Every record shown here must be duplicated without change.
[Opening Supplied material section]
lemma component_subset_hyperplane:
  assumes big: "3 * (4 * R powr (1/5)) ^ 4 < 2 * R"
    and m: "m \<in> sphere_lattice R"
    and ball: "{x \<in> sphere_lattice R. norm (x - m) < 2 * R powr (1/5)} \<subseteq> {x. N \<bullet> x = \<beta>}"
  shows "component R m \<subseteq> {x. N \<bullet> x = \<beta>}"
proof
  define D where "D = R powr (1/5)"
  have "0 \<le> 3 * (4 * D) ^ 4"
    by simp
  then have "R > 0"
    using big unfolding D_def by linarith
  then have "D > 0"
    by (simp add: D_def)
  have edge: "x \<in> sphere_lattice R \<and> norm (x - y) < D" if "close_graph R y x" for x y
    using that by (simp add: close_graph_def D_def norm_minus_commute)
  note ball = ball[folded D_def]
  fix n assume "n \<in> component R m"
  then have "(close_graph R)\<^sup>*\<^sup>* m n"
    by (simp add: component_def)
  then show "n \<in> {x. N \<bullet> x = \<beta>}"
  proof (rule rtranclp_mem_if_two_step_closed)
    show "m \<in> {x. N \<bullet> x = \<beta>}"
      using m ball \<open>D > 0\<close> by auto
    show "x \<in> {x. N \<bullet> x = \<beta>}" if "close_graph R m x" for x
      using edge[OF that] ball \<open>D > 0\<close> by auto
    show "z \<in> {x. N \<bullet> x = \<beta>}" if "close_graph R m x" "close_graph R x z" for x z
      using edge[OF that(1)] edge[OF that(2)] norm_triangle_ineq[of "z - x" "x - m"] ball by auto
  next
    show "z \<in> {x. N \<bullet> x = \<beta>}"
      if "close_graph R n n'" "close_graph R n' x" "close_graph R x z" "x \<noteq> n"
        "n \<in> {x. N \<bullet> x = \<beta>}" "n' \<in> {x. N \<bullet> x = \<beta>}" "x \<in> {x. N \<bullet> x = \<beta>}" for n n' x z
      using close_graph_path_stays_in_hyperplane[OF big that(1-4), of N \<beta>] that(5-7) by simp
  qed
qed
[Closing Supplied material section]
(Problem solution)
lemma component_subset_hyperplane:
  assumes big: "3 * (4 * R powr (1/5)) ^ 4 < 2 * R"
    and m: "m \<in> sphere_lattice R"
    and ball: "{x \<in> sphere_lattice R. norm (x - m) < 2 * R powr (1/5)} \<subseteq> {x. N \<bullet> x = \<beta>}"
  shows "component R m \<subseteq> {x. N \<bullet> x = \<beta>}"
proof
  define D where "D = R powr (1/5)"
  have "0 \<le> 3 * (4 * D) ^ 4"
    by simp
  then have "R > 0"
    using big unfolding D_def by linarith
  then have "D > 0"
    by (simp add: D_def)
  have edge: "x \<in> sphere_lattice R \<and> norm (x - y) < D" if "close_graph R y x" for x y
    using that by (simp add: close_graph_def D_def norm_minus_commute)
  note ball = ball[folded D_def]
  fix n assume "n \<in> component R m"
  then have "(close_graph R)\<^sup>*\<^sup>* m n"
    by (simp add: component_def)
  then show "n \<in> {x. N \<bullet> x = \<beta>}"
  proof (rule rtranclp_mem_if_two_step_closed)
    show "m \<in> {x. N \<bullet> x = \<beta>}"
      using m ball \<open>D > 0\<close> by auto
    show "x \<in> {x. N \<bullet> x = \<beta>}" if "close_graph R m x" for x
      using edge[OF that] ball \<open>D > 0\<close> by auto
    show "z \<in> {x. N \<bullet> x = \<beta>}" if "close_graph R m x" "close_graph R x z" for x z
      using edge[OF that(1)] edge[OF that(2)] norm_triangle_ineq[of "z - x" "x - m"] ball by auto
  next
    show "z \<in> {x. N \<bullet> x = \<beta>}"
      if "close_graph R n n'" "close_graph R n' x" "close_graph R x z" "x \<noteq> n"
        "n \<in> {x. N \<bullet> x = \<beta>}" "n' \<in> {x. N \<bullet> x = \<beta>}" "x \<in> {x. N \<bullet> x = \<beta>}" for n n' x z
      using close_graph_path_stays_in_hyperplane[OF big that(1-4), of N \<beta>] that(5-7) by simp
  qed
qed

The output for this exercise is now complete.